It is remarkable that the Air-India Employees’ Guild is coming to terms with privatisation. The most stubbornly opposed of Air-India’s several unions, and its biggest, is the first major public sector trade union to realise there are no other options. This is being hailed in the corporate world as a pragmatic shift which should help speed up the government’s disinvestment programme in Air-India and, because it sets a good example, in other PSUs as well. The factors which persuade unions to support privatisation will differ from enterprise to enterprise but one crucial factor is that employees have to go through the learning process. It ought not, of course, be as long, slow and expensive for the tax payer as the one in India’s national carrier. In the event, however, it seems to have brought about change.

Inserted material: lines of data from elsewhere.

(* Let $m\ge 2$ be fixed and assume (A1)–(A4). Let $X_{\mathbf 1}$ be the number of coupons collected by all $m$ collectors. Then $$\operatorname{Var}(X_{\mathbf 1})\asymp \frac{(n-a_1)(n-a_2)}{n}\prod_{i=1}^m\frac{a_i}{n}=\Big(1-\frac{a_1}{n}\Big)\Big(1-\frac{a_2}{n}\Big)\mathbb{E}(X_{\mathbf 1}).$$
   Context: Coupon collector model: there are $n$ distinct coupons and $m$ collectors acting independently; collector $i$ collects a uniformly random subset of exactly $a_i$ distinct coupons, independently of the others. We consider a sequence of such models indexed by $n$, with $m$ fixed and $a_i=a_i(n)$, under the asymptotic assumptions: (A1) $n\to\infty$; (A2) $a_i\to\infty$ and $n-a_i\to\infty$ for each $i=1,\dots,m$; (A3) $1\le a_1\le a_2\le\cdots\le a_m\le n-1$; (A4) $a_i/n\to\alpha_i\in[0,1]$ for each $i$. For positive sequences, $x_n\asymp y_n$ means that both $\limsup x_n/y_n$ and $\liminf x_n/y_n$ are finite and strictly positive. *)

theory Defs
  imports "HOL-Probability.Probability"
begin

definition coupon_model :: "nat \<Rightarrow> nat \<Rightarrow> (nat \<Rightarrow> nat) \<Rightarrow> (nat \<Rightarrow> nat set) pmf" where
  "coupon_model n m a =
     Pi_pmf {1..m} {} (\<lambda>i. pmf_of_set {S. S \<subseteq> {..<n} \<and> card S = a i})"

definition X_all :: "nat \<Rightarrow> (nat \<Rightarrow> nat set) \<Rightarrow> real" where
  "X_all m f = real (card (\<Inter>i\<in>{1..m}. f i))"

definition asymp_order :: "(nat \<Rightarrow> real) \<Rightarrow> (nat \<Rightarrow> real) \<Rightarrow> bool" where
  "asymp_order x y \<longleftrightarrow>
     0 < limsup (\<lambda>k. ereal (x k / y k)) \<and> limsup (\<lambda>k. ereal (x k / y k)) < \<infinity> \<and>
     0 < liminf (\<lambda>k. ereal (x k / y k)) \<and> liminf (\<lambda>k. ereal (x k / y k)) < \<infinity>"

end

(* Write X_all as the sum over coupons j of the indicator that every collector has j. By
   independence of the collectors, E X = n P and E X^2 = n P + n (n - 1) P Q with
   P = prod a_i / n and Q = prod (a_i - 1) / (n - 1), so Var X = E X * D with
   D = 1 - n P + (n - 1) Q. Adding the collectors one at a time, D becomes a convex combination,
   with weight a_i / n, of its previous value and 1 - prod (a_i - 1) / (n - 1); this keeps
   D between (1 - a_1/n)(1 - a_2/n) and 2 m^2 times that quantity. *)

theory Submission
  imports Defs
begin

definition k_subsets :: "'a set \<Rightarrow> nat \<Rightarrow> 'a set set" where
  "k_subsets A k = {S. S \<subseteq> A \<and> card S = k}"

lemma finite_k_subsets: "finite A \<Longrightarrow> finite (k_subsets A k)"
  unfolding k_subsets_def by (rule finite_subset[of _ "Pow A"]) auto

lemma card_k_subsets: "finite A \<Longrightarrow> card (k_subsets A k) = card A choose k"
  unfolding k_subsets_def by (rule n_subsets)

lemma k_subsets_nonempty: "finite A \<Longrightarrow> k \<le> card A \<Longrightarrow> k_subsets A k \<noteq> {}"
  using card_k_subsets[of A k] by fastforce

An air of depression is apparent to anyone who walks into an Air-India office. Morale has progressively declined as its operations were cut back, as it lost ground to rivals in the prestigious Atlantic sector and its fleet was reduced. None of the old remedies worked any longer. The writing on the wall said, change or perish. Driving the message home further were governments at the Centre which admitted, one after the other, that a large infusion of private capital was essential to turn around the airline. On every side experts said privatisation was the only alternative. Also indispensable for change in union attitudes are forward-looking, bold union bosses. In George Abraham, the AIEG has a president whose head is not buried in the sand. He believes privatisation is inevitable. What is more, he is prepared to say out loud that there is no future for Air-India without private capital and professional management. He is, of course, right on both counts. The future of all AI employees will be bleak if theairline is not restored to health. Luckily its prospects have improved already with the AIEG joining its pilots and other employees in supporting the moves towards disinvestment and privatisation.
When AIEG’s president speaks of such things as guaranteed wage increases, however, he begins to sound like the Union minister who, famously, is all for privatisation as long as the government remains in control. No doubt tactical issues are involved here and union leaders need to guard against a revolt in the ranks and so on. But it is also essential to make clear to union members that the rules will change under privatisation. Raising false expectations is unwise. Realistic assessments are required of the terms which will be of mutual benefit to union members and the organisation. Union bosses have a responsibility to change the public sector mindset and prepare their members for the real world. In the past AI’s unions collaborated in creating a rarefied world of high payscales and generous health and other benefits, a world where managements were often captive to unions. Privatisation will push the pendulum in the opposite direction and the environment will become more demanding for employees. To becomeprofitable Air-India must raise productivity and reduce the present ratio of personnel to aircraft. Alongside retraining and redeployment for some, there will be redundancies and VRS for others. Unions should prepare for all these changes.